Озабоченный своими делами немолодой мужик, поджарый, всегда говорящий отрывисто и только по делу, всегда усталая практическая забота о недопущении травм, а к этим душам подход такой: различать по фамилиям и только.

Надя, после первых же нескольких уроков в десятом классе с этим новым учителем, совсем перестала ходить на физкультуру, мотивируя это горячо и непривычно многословно. Ее не устраивали, во-первых, эти бесконечные кувырки, прыжки в длину и так далее, затем она предъявляла претензии, что с ними не занимаются метанием диска или ядра, например. В прошлом году-то было, говорила она чуть ли не со слезами.

Учитель ставил ей двойки, и классная руководительница всерьез забеспокоилась о том, что картина учебы главной отличницы и надежды школы резко испортилась. Класс был выпускной, шла серьезная подготовка в институты, а Надя регулярно получала по две двойки в неделю и сидела на подоконнике в коридоре во время уроков физкультуры, причем демонстративно.

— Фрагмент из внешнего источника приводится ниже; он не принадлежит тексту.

lemma mcomplete_free_space: "Metric_space.mcomplete (free_space z) (free_metric z)"
proof -
  interpret F: Metric_space "free_space z" "free_metric z" by (rule Metric_space_free_space)
  show ?thesis unfolding F.mcomplete_def
  proof (intro allI impI)
    fix \<sigma> assume "F.MCauchy \<sigma>"
    then have \<sigma>: "\<And>n. \<sigma> n \<in> free_space z" unfolding F.MCauchy_def by auto
    have "free_metric z (\<sigma> m) (\<sigma> n) = free_dist z (\<sigma> m) (\<sigma> n)" for m n
      by (rule free_metric_eq[OF \<sigma> \<sigma>])
    with \<open>F.MCauchy \<sigma>\<close> have Cauchy: "\<And>\<epsilon>. \<epsilon> > 0 \<Longrightarrow> \<exists>N. \<forall>m\<ge>N. \<forall>n\<ge>N. free_dist z (\<sigma> m) (\<sigma> n) < \<epsilon>"
      unfolding F.MCauchy_def by simp
    obtain \<Lambda> where \<Lambda>: "\<Lambda> \<in> free_space z" "\<And>\<epsilon>. \<epsilon> > 0 \<Longrightarrow> \<exists>N. \<forall>n\<ge>N. free_dist z (\<sigma> n) \<Lambda> \<le> \<epsilon>"
      by (rule free_space_Cauchy_limit[where \<sigma> = \<sigma>]) (use \<sigma> Cauchy in blast)+
    have "limitin F.mtopology \<sigma> \<Lambda> sequentially"
      unfolding F.limit_metric_sequentially
    proof (intro conjI allI impI \<Lambda>(1))
      fix \<epsilon> :: real assume "\<epsilon> > 0"
      then obtain N where "\<forall>n\<ge>N. free_dist z (\<sigma> n) \<Lambda> \<le> \<epsilon> / 2" using \<Lambda>(2)[of "\<epsilon> / 2"] by auto
      then show "\<exists>N. \<forall>n\<ge>N. \<sigma> n \<in> free_space z \<and> free_metric z (\<sigma> n) \<Lambda> < \<epsilon>"
        using \<sigma> \<Lambda>(1) \<open>\<epsilon> > 0\<close> by (force simp: free_metric_eq)
    qed
    then show "\<exists>\<Lambda>. limitin F.mtopology \<sigma> \<Lambda> sequentially" by blast
  qed
qed

section \<open>Uniform boundedness\<close>

lemma (in Metric_space) mcomplete_Baire_mball:
  assumes "mcomplete" "M \<noteq> {}"
    and closed: "\<And>n::nat. closedin mtopology (E n)" and cover: "M \<subseteq> (\<Union>n. E n)"
  obtains n a r where "r > 0" "a \<in> M" "mball a r \<subseteq> E n"
proof -
  have "\<exists>n. mtopology interior_of E n \<noteq> {}"
  proof (rule ccontr)
    assume "\<nexists>n. mtopology interior_of E n \<noteq> {}"
    then have "mtopology interior_of \<Union>(range E) = {}"
      using closed by (intro metric_Baire_category_alt[OF \<open>mcomplete\<close>]) auto
    moreover have "\<Union>(range E) = M"
      using closed cover closedin_subset[of mtopology] by auto
    ultimately show False using \<open>M \<noteq> {}\<close> by (metis interior_of_topspace topspace_mtopology)
  qed
  then obtain n a where a: "a \<in> mtopology interior_of E n" by blast
  then obtain r where "r > 0" "mball a r \<subseteq> mtopology interior_of E n"
    using openin_interior_of openin_mtopology by metis
  moreover have "a \<in> M"
    using a interior_of_subset[of mtopology "E n"] closedin_subset[OF closed[of n]] by auto
  ultimately show ?thesis using that[of r a n] interior_of_subset[of mtopology "E n"] by blast
qed

lemma closedin_free_space_bounded_on:
  assumes "\<Psi> \<subseteq> Lip0 z"
  shows "closedin (Metric_space.mtopology (free_space z) (free_metric z))
    {\<Lambda> \<in> free_space z. \<forall>\<psi>\<in>\<Psi>. \<bar>\<Lambda> \<psi>\<bar> \<le> m}"
proof -
  interpret F: Metric_space "free_space z" "free_metric z" by (rule Metric_space_free_space)
  have "continuous_map F.mtopology euclideanreal (\<lambda>\<Lambda>. \<Lambda> \<psi>)" if \<psi>: "\<psi> \<in> Lip0 z" for \<psi>
  proof -
    have lp: "0 \<le> Lip \<psi>" by (rule Lip0_Lip_nonneg[OF \<psi>])
    have "\<exists>\<delta>>0. \<forall>\<Gamma>. \<Gamma> \<in> free_space z \<and> free_metric z \<Lambda> \<Gamma> < \<delta> \<longrightarrow> dist (\<Lambda> \<psi>) (\<Gamma> \<psi>) < \<epsilon>"
      if "\<Lambda> \<in> free_space z" "\<epsilon> > 0" for \<Lambda> \<epsilon>
    proof (intro exI conjI allI impI)
      show "\<epsilon> / (Lip \<psi> + 1) > 0" using \<open>\<epsilon> > 0\<close> lp by simp
      fix \<Gamma> assume \<Gamma>: "\<Gamma> \<in> free_space z \<and> free_metric z \<Lambda> \<Gamma> < \<epsilon> / (Lip \<psi> + 1)"
      have "dist (\<Lambda> \<psi>) (\<Gamma> \<psi>) \<le> free_dist z \<Lambda> \<Gamma> * Lip \<psi>"
        using free_dist_abs_le[OF that(1)[THEN free_space_Lip0_dual] free_space_Lip0_dual \<psi>] \<Gamma>
        by (simp add: dist_real_def)
      also have "\<dots> \<le> \<epsilon> / (Lip \<psi> + 1) * Lip \<psi>"
        using \<Gamma> free_metric_eq[OF that(1)] lp by (intro mult_right_mono) auto
      also have "\<dots> < \<epsilon>" using \<open>\<epsilon> > 0\<close> lp by (simp add: field_simps)
      finally show "dist (\<Lambda> \<psi>) (\<Gamma> \<psi>) < \<epsilon>" .
    qed
    then show ?thesis
      using F.metric_continuous_map[OF Met_TC.Metric_space_axioms, of "\<lambda>\<Lambda>. \<Lambda> \<psi>"] by simp
  qed
  then have "closedin F.mtopology {\<Lambda> \<in> topspace F.mtopology. \<Lambda> \<psi> \<in> {-m..m}}" if "\<psi> \<in> \<Psi>" for \<psi>
    using assms that by (intro closedin_continuous_map_preimage) auto
  then have "closedin F.mtopology (free_space z \<inter> (\<Inter>\<psi>\<in>\<Psi>. {\<Lambda> \<in> free_space z. \<Lambda> \<psi> \<in> {-m..m}}))"
    by (cases "\<Psi> = {}") (auto intro!: closedin_INT simp del: atLeastAtMost_iff)
  moreover have "free_space z \<inter> (\<Inter>\<psi>\<in>\<Psi>. {\<Lambda> \<in> free_space z. \<Lambda> \<psi> \<in> {-m..m}})
      = {\<Lambda> \<in> free_space z. \<forall>\<psi>\<in>\<Psi>. \<bar>\<Lambda> \<psi>\<bar> \<le> m}"
    by (auto simp: abs_le_iff minus_le_iff)
  ultimately show ?thesis by simp
qed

Это выглядело странно, и классная руководительница вкупе с расстроенными родителями Нади, спасая положение, направила ее в неврологический диспансер, чтобы там ей поставили диагноз с освобождением от физры по какой-то болезни — по такой-то и такой-то болезни. Надеялись как-то договориться с врачами насчет, скажем, сильных головных болей и т.д.

Надя должна была пройти анализы и всех врачей, а при наличии эндокринолога, психиатра и гинеколога все тайное станет явным, и здесь имеется в виду как тщательно скрываемая тайна, так и тайна, не известная самому ее носителю — и Надя стала прозрачной и явной для врачей, а затем и для родителей, учителей и учеников, а сама она так ничего и не узнала и продолжала жить в полном неведении, охраняя в себе свою личность, свой мир и никого туда не пуская — и не зная, что ее индивидуальность предопределена и что ее сущность может быть сформулирована пошлым и ясным образом.

В Наде бушевали вселенные и миры, сменяя друг друга, ничто не могло быть определено словами, и ее тайна по-прежнему скрывалась за приветливостью и вечной чарующей улыбкой, открывающей ее ослепительные белые зубы и освещающей ее розовое, свежее, юное и крепкое юношеское лицо — почти юношеское, бывают такие девушки-мальчики, такие Афины и Деметры, охотницы-богини, бывают; ну и Надя была такой и улыбалась своей трогательной, открытой улыбкой всем и каждому за исключением учителя физкультуры, а он, этот хмурый мужик (тоже мир и тоже скрытая вселенная), простодушно как бы брезговал ею и глядел (встречая в коридоре) всегда поверх Надиной головы, стриженой кудрявой головы греческого мальчика.